Soy Roberto, un médico dentista que está felizmente casado y que es padre de tres niños. Pero, sobre todo, soy hijo de padres divorciados. Ahora que soy adulto puedo dar mi testimonio sobre el divorcio y su realidad.

 

Tenía sólo ocho años y era hijo único. Mis padres pensaban que, por la edad, no me daba cuenta de las cosas, que no me inquietaba ni me angustiaba.
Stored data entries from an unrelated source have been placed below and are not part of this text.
(* Let $G$ be a cycle on $n_2\geq 3$ vertices. Then the graph $G^{\dagger}$ (for any choice of pairing in its construction) is neutral.
   Context: All graphs are finite and simple. A leaf is a vertex of degree one. The leaf-connecting operation on a graph $G$ produces $G^{\dagger}$ as follows: (1) for each vertex $v$ of $G$, attach $d_v$ new pendant vertices (leaves) to $v$; (2) repeatedly join a pair of leaves by an edge until no leaf is left (so the new pendant vertices are paired up by a perfect matching). For a graph $G=(V,E)$ with $m=|E|\geq1$ and degrees $d_u$, the assortativity coefficient is $$r(G)=\frac{m^{-1}\sum_{e_{uv}\in E} d_{u}d_{v}-\Big[m^{-1}\sum_{e_{uv}\in E} \tfrac{1}{2}(d_{u}+d_{v})\Big]^{2}}{m^{-1}\sum_{e_{uv}\in E} \tfrac{1}{2}(d^{2}_{u}+d^{2}_{v})-\Big[m^{-1}\sum_{e_{uv}\in E} \tfrac{1}{2}(d_{u}+d_{v})\Big]^{2}},$$ sums over edges counting each edge once, defined whenever the denominator is nonzero; $G$ is neutral if $r(G)$ is defined and equals $0$. *)

theory Defs
  imports Complex_Main
begin

definition simple_graph :: "'a set \<Rightarrow> 'a set set \<Rightarrow> bool" where
  "simple_graph V E \<longleftrightarrow> finite V \<and> (\<forall>e\<in>E. e \<subseteq> V \<and> card e = 2)"

definition degree :: "'a set set \<Rightarrow> 'a \<Rightarrow> nat" where
  "degree E v = card {e \<in> E. v \<in> e}"

definition is_cycle :: "'a set \<Rightarrow> 'a set set \<Rightarrow> nat \<Rightarrow> bool" where
  "is_cycle V E n \<longleftrightarrow> simple_graph V E \<and> card V = n \<and>
     (\<exists>f. bij_betw f {0..<n} V \<and> E = {{f i, f ((i + 1) mod n)} | i. i < n})"

definition new_leaves :: "'a set \<Rightarrow> 'a set set \<Rightarrow> ('a + 'a \<times> nat) set" where
  "new_leaves V E = {Inr (v, i) | v i. v \<in> V \<and> i < degree E v}"

definition perfect_matching :: "'b set \<Rightarrow> 'b set set \<Rightarrow> bool" where
  "perfect_matching L M \<longleftrightarrow> (\<forall>e\<in>M. e \<subseteq> L \<and> card e = 2) \<and> (\<forall>x\<in>L. \<exists>!e. e \<in> M \<and> x \<in> e)"

definition dagger_vertices :: "'a set \<Rightarrow> 'a set set \<Rightarrow> ('a + 'a \<times> nat) set" where
  "dagger_vertices V E = Inl ` V \<union> new_leaves V E"

definition dagger_edges ::
  "'a set \<Rightarrow> 'a set set \<Rightarrow> ('a + 'a \<times> nat) set set \<Rightarrow> ('a + 'a \<times> nat) set set" where
  "dagger_edges V E M =
     (\<lambda>e. Inl ` e) ` E \<union> {{Inl v, Inr (v, i)} | v i. v \<in> V \<and> i < degree E v} \<union> M"

text \<open>Assortativity coefficient; for an edge e = {u,v}: d_u d_v = prod over e,
  d_u + d_v = sum over e, d_u^2 + d_v^2 = sum of squares over e.\<close>
definition assort_num :: "'b set set \<Rightarrow> real" where
  "assort_num E = (let m = real (card E);
      A = (\<Sum>e\<in>E. \<Prod>x\<in>e. real (degree E x)) / m;
      B = (\<Sum>e\<in>E. (1/2) * (\<Sum>x\<in>e. real (degree E x))) / m
    in A - B^2)"

definition assort_den :: "'b set set \<Rightarrow> real" where
  "assort_den E = (let m = real (card E);
      C = (\<Sum>e\<in>E. (1/2) * (\<Sum>x\<in>e. (real (degree E x))^2)) / m;
      B = (\<Sum>e\<in>E. (1/2) * (\<Sum>x\<in>e. real (degree E x))) / m
    in C - B^2)"

definition assortativity :: "'b set set \<Rightarrow> real" where
  "assortativity E = assort_num E / assort_den E"

definition neutral :: "'b set set \<Rightarrow> bool" where
  "neutral E \<longleftrightarrow> card E \<ge> 1 \<and> assort_den E \<noteq> 0 \<and> assortativity E = 0"

end

theory Submission
  imports Defs
begin

(*
  Write k = 2 for the degree of every vertex of the cycle. In G-dagger an old vertex v has
  degree 2 d_v = 2k and every new leaf has degree 2, and the edges split into |E| old edges
  (degrees 2k, 2k), 2|E| pendant edges (2k, 2) and |E| matching edges (2, 2). Averaging over
  the 4|E| edges, the mean of d_u d_v is (k + 1)^2, exactly the square of the mean end degree
  k + 1, so the numerator of r vanishes, while the denominator is 2(k^2 + 1) - (k + 1)^2 =
  (k - 1)^2 > 0. This works for every k-regular graph with k >= 2 and at least one edge.
*)

lemma simple_graph_finite_edges:
  assumes "simple_graph V E"
  shows "finite E"
  using assms unfolding simple_graph_def
  by (meson Pow_iff finite_Pow_iff rev_finite_subset subsetI)

lemma sum_degree_eq_twice_card_edges:
  assumes "simple_graph V E"
  shows "(\<Sum>v\<in>V. degree E v) = 2 * card E"
proof -
  have "\<forall>e\<in>E. card {v \<in> V. v \<in> e} = 2"
    using assms by (auto simp: simple_graph_def Int_def[symmetric] Int_absorb1)
  then show ?thesis
    unfolding degree_def using assms simple_graph_finite_edges
    by (intro sum_multicount) (auto simp: simple_graph_def)
qed

lemma card_perfect_matching:
  assumes "finite L" and "perfect_matching L M"
  shows "finite M" and "card L = 2 * card M"
proof -
  have M: "\<And>e. e \<in> M \<Longrightarrow> e \<subseteq> L \<and> card e = 2" and cover: "\<And>x. x \<in> L \<Longrightarrow> \<exists>!e. e \<in> M \<and> x \<in> e"
    using assms(2) unfolding perfect_matching_def by auto
  show "finite M"
    using M assms(1) by (meson Pow_iff finite_Pow_iff rev_finite_subset subsetI)
  have "L = \<Union>M"
    using M cover by blast
  moreover have "pairwise disjnt M"
    using M cover unfolding pairwise_def disjnt_def by blast
  ultimately have "card L = sum card M"
    using M assms(1) by (metis card_Union_disjoint rev_finite_subset)
  then show "card L = 2 * card M"
    using M by simp
qed

lemma Suc_mod_eq_iff:
  fixes i k n :: nat
  assumes "i < n" "k < n"
  shows "Suc i mod n = k \<longleftrightarrow> i = (k + n - 1) mod n"
  using assms by (cases "k = 0"; cases "Suc i = n") (auto simp: mod_if)

lemma Suc_mod_pred_mod:
  fixes k n :: nat
  assumes "k < n"
  shows "Suc ((k + n - 1) mod n) mod n = k"
  using Suc_mod_eq_iff[of "(k + n - 1) mod n" n k] assms by simp

lemma degree_cycle:
  assumes "3 \<le> n" and "is_cycle V E n" and "v \<in> V"
  shows "degree E v = 2"
proof -
  obtain f where f: "bij_betw f {0..<n} V" and E: "E = {{f i, f (Suc i mod n)} | i. i < n}"
    using assms(2) unfolding is_cycle_def by auto
  have inj: "f i = f j \<longleftrightarrow> i = j" if "i < n" "j < n" for i j
    using f that unfolding bij_betw_def inj_on_def by auto
  obtain k where k: "k < n" "v = f k"
    using f assms(3) unfolding bij_betw_def by auto
  define p where "p = (k + n - 1) mod n"
  define q where "q = Suc k mod n"
  have pq: "p < n" "q < n" "q \<noteq> k" "q \<noteq> p"
    using assms(1) k by (auto simp: p_def q_def mod_if)
  define edge where "edge i = {f i, f (Suc i mod n)}" for i
  have "v \<in> edge i \<longleftrightarrow> i = k \<or> i = p" if "i < n" for i
    using inj[OF that k(1)] inj[of "Suc i mod n" k] Suc_mod_eq_iff[OF that k(1)] k
    by (auto simp: edge_def p_def)
  then have "{i \<in> {..<n}. v \<in> edge i} = {k, p}"
    using k(1) pq(1) by auto
  moreover have "{e \<in> E. v \<in> e} = edge ` {i \<in> {..<n}. v \<in> edge i}"
    unfolding E edge_def by auto
  moreover have "edge k = {f k, f q}" "edge p = {f p, f k}"
    using Suc_mod_pred_mod[OF k(1)] by (simp_all add: edge_def q_def p_def)
  ultimately have "{e \<in> E. v \<in> e} = {{f k, f q}, {f p, f k}}"
    by simp
  moreover have "{f k, f q} \<noteq> {f p, f k}"
    using inj pq k by (auto simp: doubleton_eq_iff)
  ultimately show ?thesis
    unfolding degree_def by simp
qed

definition lifted_edges :: "'a set set \<Rightarrow> ('a + 'a \<times> nat) set set" where
  "lifted_edges E = (\<lambda>e. Inl ` e) ` E"

definition pendant_edges :: "'a set \<Rightarrow> 'a set set \<Rightarrow> ('a + 'a \<times> nat) set set" where
  "pendant_edges V E = {{Inl v, Inr (v, i)} | v i. v \<in> V \<and> i < degree E v}"

lemma dagger_edges_eq: "dagger_edges V E M = lifted_edges E \<union> pendant_edges V E \<union> M"
  by (simp add: dagger_edges_def lifted_edges_def pendant_edges_def)

lemma card_lifted_edges: "card (lifted_edges E) = card E"
  unfolding lifted_edges_def by (intro card_image) (simp add: inj_on_def inj_image_eq_iff)

lemma finite_lifted_edges: "finite E \<Longrightarrow> finite (lifted_edges E)"
  by (simp add: lifted_edges_def)

lemma new_leaves_eq_image: "new_leaves V E = Inr ` (SIGMA v:V. {..<degree E v})"
  unfolding new_leaves_def by auto

lemma pendant_edges_eq_image:
  "pendant_edges V E = (\<lambda>(v, i). {Inl v, Inr (v, i)}) ` (SIGMA v:V. {..<degree E v})"
  unfolding pendant_edges_def by auto

lemma card_leaf_index:
  assumes "simple_graph V E"
  shows "card (SIGMA v:V. {..<degree E v}) = 2 * card E"
  using assms sum_degree_eq_twice_card_edges by (simp add: simple_graph_def)

lemma
  assumes "simple_graph V E"
  shows finite_new_leaves: "finite (new_leaves V E)"
    and card_new_leaves: "card (new_leaves V E) = 2 * card E"
  using assms card_leaf_index[OF assms] unfolding new_leaves_eq_image
  by (auto simp: simple_graph_def card_image)

lemma
  assumes "simple_graph V E"
  shows finite_pendant_edges: "finite (pendant_edges V E)"
    and card_pendant_edges: "card (pendant_edges V E) = 2 * card E"
proof -
  have "inj_on (\<lambda>(v, i). {Inl v, Inr (v, i)}) (SIGMA v:V. {..<degree E v})"
    by (auto simp: inj_on_def doubleton_eq_iff)
  then show "finite (pendant_edges V E)" "card (pendant_edges V E) = 2 * card E"
    using assms card_leaf_index[OF assms] unfolding pendant_edges_eq_image
    by (auto simp: simple_graph_def card_image)
qed

lemma
  assumes "simple_graph V E" and "perfect_matching (new_leaves V E) M"
  shows finite_leaf_matching: "finite M"
    and card_leaf_matching: "card M = card E"
  using card_perfect_matching[OF finite_new_leaves[OF assms(1)] assms(2)] card_new_leaves[OF assms(1)]
  by auto

lemma leaf_matching_edge_Inr:
  assumes "perfect_matching (new_leaves V E) M" and "e \<in> M" and "x \<in> e"
  shows "x \<in> new_leaves V E" and "x \<notin> range Inl"
  using assms unfolding perfect_matching_def new_leaves_def by auto

lemma
  assumes "simple_graph V E" and "perfect_matching (new_leaves V E) M"
  shows dagger_edges_disjoint_lifted_pendant: "lifted_edges E \<inter> pendant_edges V E = {}"
    and dagger_edges_disjoint_matching: "(lifted_edges E \<union> pendant_edges V E) \<inter> M = {}"
proof -
  show "lifted_edges E \<inter> pendant_edges V E = {}"
    unfolding lifted_edges_def pendant_edges_def by auto
  have "e \<noteq> {}" if "e \<in> M" for e
    using that assms(2) unfolding perfect_matching_def by (metis card.empty zero_neq_numeral)
  moreover have "e \<inter> range Inl \<noteq> {}" if "e \<in> lifted_edges E" for e
  proof -
    have "e' \<noteq> {}" if "e' \<in> E" for e'
      using assms(1) that unfolding simple_graph_def by (metis card.empty zero_neq_numeral)
    then show ?thesis
      using that by (auto simp: lifted_edges_def)
  qed
  moreover have "e \<inter> range Inl \<noteq> {}" if "e \<in> pendant_edges V E" for e
    using that unfolding pendant_edges_def by blast
  ultimately show "(lifted_edges E \<union> pendant_edges V E) \<inter> M = {}"
    using leaf_matching_edge_Inr(2)[OF assms(2)] by blast
qed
Se equivocaron.

No fui testigo de sus altercados, pero mucho antes de que se separaran, y sin que ellos lo imaginaran, percibí la ausencia de alegría y manifestaciones de cariño entre ellos, como quien respira un indefinible aire enrarecido. Una situación por la que, confundido, sentía cierta culpa, pensaba: “si ellos están mal, yo también estoy mal” o tal vez “ellos están bien y yo mal”, llegué a pensar que si era así… tal vez, no debí haber nacido o no querían que naciera.

Fingí estar jugando cuando los escuché hablar de un convenio sobre los coches, la casa, los muebles, las cuentas; hablaban con rigidez y de ese modo tocó mi turno. Fui un objeto más en la repartición de sus cosas y supuestas responsabilidades. Quedé como el hijo de un “divorcio afortunado”, pues se me proveyó de techo, medios materiales y educación académica. De esa manera me convertí sólo en un ser al que habían de proveerle, no tanto de afecto, sino de recursos para que saliera adelante. Entre los dos me convirtieron en un niño mimado y exigente, cuyos estados de ánimo trataban de controlar con regalos, en un “te doy, pero no me doy”; para luego regresarme al otro en turno con un frío beso y la mueca de una sonrisa. Seguía sin entenderlo.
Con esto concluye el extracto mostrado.